DDQN is shown to reduce bias and improve performance on the same set of problems that DQN is used.
DDQN can be further improved using an experience replay buffer.

### Characteristics of double deep Q network
Double deep Q network inherits all the characteristics of [double Q learning](../8-double-q-learning/double_q_learning_agent.ipynb), except that it allows us to solve problems with continuous or very large state and action spaces.

##### Neural Network as value function approximator
This can be any neural network architecture that we see fit.
In this example, we are using a very simple Dense Neural Network architecture.
Dense Neural Networks are simply a *stack of matrices with activation functions in between*.

##### Replay memory
Each tuple of $(s_t, a_t, r, s_{t+1})$ is recorded in a replay memory.
As a replay memory we use a FIFO dequeue of constant size.

##### Batch training
Each step taken by the agent, we feed a *random* sample of tuples from the replay memory to the neural network in order to do *batch training*.

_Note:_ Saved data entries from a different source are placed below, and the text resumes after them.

(* For every flag complex $\Delta$ there exists a vertex-decomposable flag complex $\Gamma$ whose $h$-vector, with trailing zeros removed, equals the face vector of $\Delta$.
   Context: A flag complex is a simplicial complex all of whose minimal non-faces have two elements, equivalently the independence complex of a graph. Face vector: $(f_{-1},\ldots,f_{d-1})$, $f_i$ = number of faces with $i+1$ elements, for a $(d-1)$-dimensional complex; $h$-vector: $(h_0,\ldots,h_d)$ with $h_j=\sum_{i=0}^{j}(-1)^{j-i}\binom{d-i}{j-i}f_{i-1}$. A pure complex $\Delta$ is vertex-decomposable if it is a simplex or has a vertex $v$ with $\mathrm{link}_\Delta v=\{\tau\in\Delta: v\notin\tau,\ \tau\cup\{v\}\in\Delta\}$ and $\mathrm{del}_\Delta v=\{\tau\in\Delta: v\notin\tau\}$ both pure and vertex-decomposable. *)

theory Defs
  imports Main
begin

definition simplicial_complex :: "'a set set \<Rightarrow> bool" where
  "simplicial_complex \<Delta> \<longleftrightarrow> finite \<Delta> \<and> {} \<in> \<Delta> \<and> (\<forall>\<sigma>\<in>\<Delta>. finite \<sigma>)
     \<and> (\<forall>\<sigma>\<in>\<Delta>. \<forall>\<tau>. \<tau> \<subseteq> \<sigma> \<longrightarrow> \<tau> \<in> \<Delta>)"

definition vertices :: "'a set set \<Rightarrow> 'a set" where
  "vertices \<Delta> = \<Union>\<Delta>"

definition minimal_nonface :: "'a set set \<Rightarrow> 'a set \<Rightarrow> bool" where
  "minimal_nonface \<Delta> \<sigma> \<longleftrightarrow> \<sigma> \<subseteq> vertices \<Delta> \<and> \<sigma> \<notin> \<Delta> \<and> (\<forall>\<tau>. \<tau> \<subset> \<sigma> \<longrightarrow> \<tau> \<in> \<Delta>)"

definition flag_complex :: "'a set set \<Rightarrow> bool" where
  "flag_complex \<Delta> \<longleftrightarrow> simplicial_complex \<Delta> \<and>
     (\<forall>\<sigma>. minimal_nonface \<Delta> \<sigma> \<longrightarrow> card \<sigma> = 2)"
lemma admissible_digitwise_limit:
  assumes ss: "\<And>n. ss n \<in> admissible" and stable: "\<And>n k. n \<ge> B k \<Longrightarrow> \<forall>j\<le>k. ss n j = t j"
  shows "t \<in> admissible" "(\<lambda>n. digit_encode N (ss n)) \<longlonglongrightarrow> digit_encode N t"
proof -
  have "ss (B (Suc k)) k = t k \<and> ss (B (Suc k)) (Suc k) = t (Suc k)" for k
    using stable[where n = "B (Suc k)" and k = "Suc k"] by auto
  moreover have "ss (B (Suc k)) k < N k \<and>
      dist (p k (ss (B (Suc k)) k)) (p (Suc k) (ss (B (Suc k)) (Suc k))) \<le> 2 * (1/2) ^ k" for k
    using ss[of "B (Suc k)"] unfolding admissible_def digits_def by blast
  ultimately show t: "t \<in> admissible" unfolding admissible_def digits_def by simp
  show "(\<lambda>n. digit_encode N (ss n)) \<longlonglongrightarrow> digit_encode N t"
  proof (rule metric_LIMSEQ_I)
    fix e :: real
    assume "e > 0"
    then obtain k where k: "(1/4::real) ^ k < e" using real_arch_pow_inv[of e "1/4"] by auto
    have "dist (digit_encode N (ss n)) (digit_encode N t) < e" if "B k \<le> n" for n
    proof -
      have "\<bar>digit_encode N (ss n) - digit_encode N t\<bar> \<le> digit_weight N k / 3"
        using that t ss stable by (intro digit_encode_close) (auto simp: admissible_def)
      moreover have "digit_weight N k \<le> (1/4) ^ k"
        using digit_weight_le_pow[of k] digit_weight_pos[of k] by simp
      ultimately show ?thesis using k digit_weight_pos[of k] by (simp add: dist_real_def)
    qed
    then show "\<exists>n0. \<forall>n\<ge>n0. dist (digit_encode N (ss n)) (digit_encode N t) < e" by blast
  qed
qed

lemma closed_encode_admissible: "closed (digit_encode N ` admissible)"
  unfolding closed_sequential_limits
proof (intro allI impI, elim conjE)
  fix xs l
  assume xs: "\<forall>n. xs n \<in> digit_encode N ` admissible" and lim: "xs \<longlonglongrightarrow> l"
  have "\<forall>n. \<exists>s. s \<in> admissible \<and> xs n = digit_encode N s" using xs by blast
  then obtain ss where ss: "\<And>n. ss n \<in> admissible" "\<And>n. xs n = digit_encode N (ss n)"
    by metis
  have "\<exists>M. \<forall>m\<ge>M. \<forall>n\<ge>M. dist (xs m) (xs n) < digit_weight N k / 3" for k
  proof -
    have "digit_weight N k / 3 > 0" using digit_weight_pos[of k] by simp
    then show ?thesis using LIMSEQ_imp_Cauchy[OF lim] unfolding Cauchy_def by blast
  qed
  then obtain M where M: "\<And>k m n. m \<ge> M k \<Longrightarrow> n \<ge> M k \<Longrightarrow> dist (xs m) (xs n) < digit_weight N k / 3"
    by metis
  define B where "B k = (\<Sum>i\<le>k. M i)" for k
  define t where "t j = ss (B j) j" for j
  have stable: "\<forall>j\<le>k. ss n j = t j" if "n \<ge> B k" for n k
  proof (intro allI impI)
    fix j
    assume "j \<le> k"
    then have "M j \<le> B j" "B j \<le> B k" unfolding B_def by (auto intro: member_le_sum sum_mono2)
    then have "dist (xs n) (xs (B j)) < digit_weight N j / 3" using M that by simp
    then show "ss n j = t j" unfolding t_def
      using digits_eq_if_encode_close[of "ss n" "ss (B j)" j j] ss by (auto simp: admissible_def dist_real_def)
  qed
  note t = admissible_digitwise_limit[of ss B t, OF ss(1) stable]
  have "xs = (\<lambda>n. digit_encode N (ss n))" using ss(2) by (simp add: fun_eq_iff)
  then have "l = digit_encode N t" using LIMSEQ_unique[OF lim] t(2) by simp
  then show "l \<in> digit_encode N ` admissible" using t(1) by blast
qed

##### Main model and Target model
We keep two neural network models in our implementation.
The reason we keep a second one, called the target model, is to provide some **stability** while training.
 - with each step taken we update only the first main model.
 - after some time interval (in this case, every episode), we update the second target model to be the same with the main model.

##### Continuous or very large state and action spaces
Using a neural network as a value function approximator has its benefits.
It allows us to solve problems with continuous state and action spaces.
Such problems would be almost impossible to solve with normal Q learning, as they are very resource hungry.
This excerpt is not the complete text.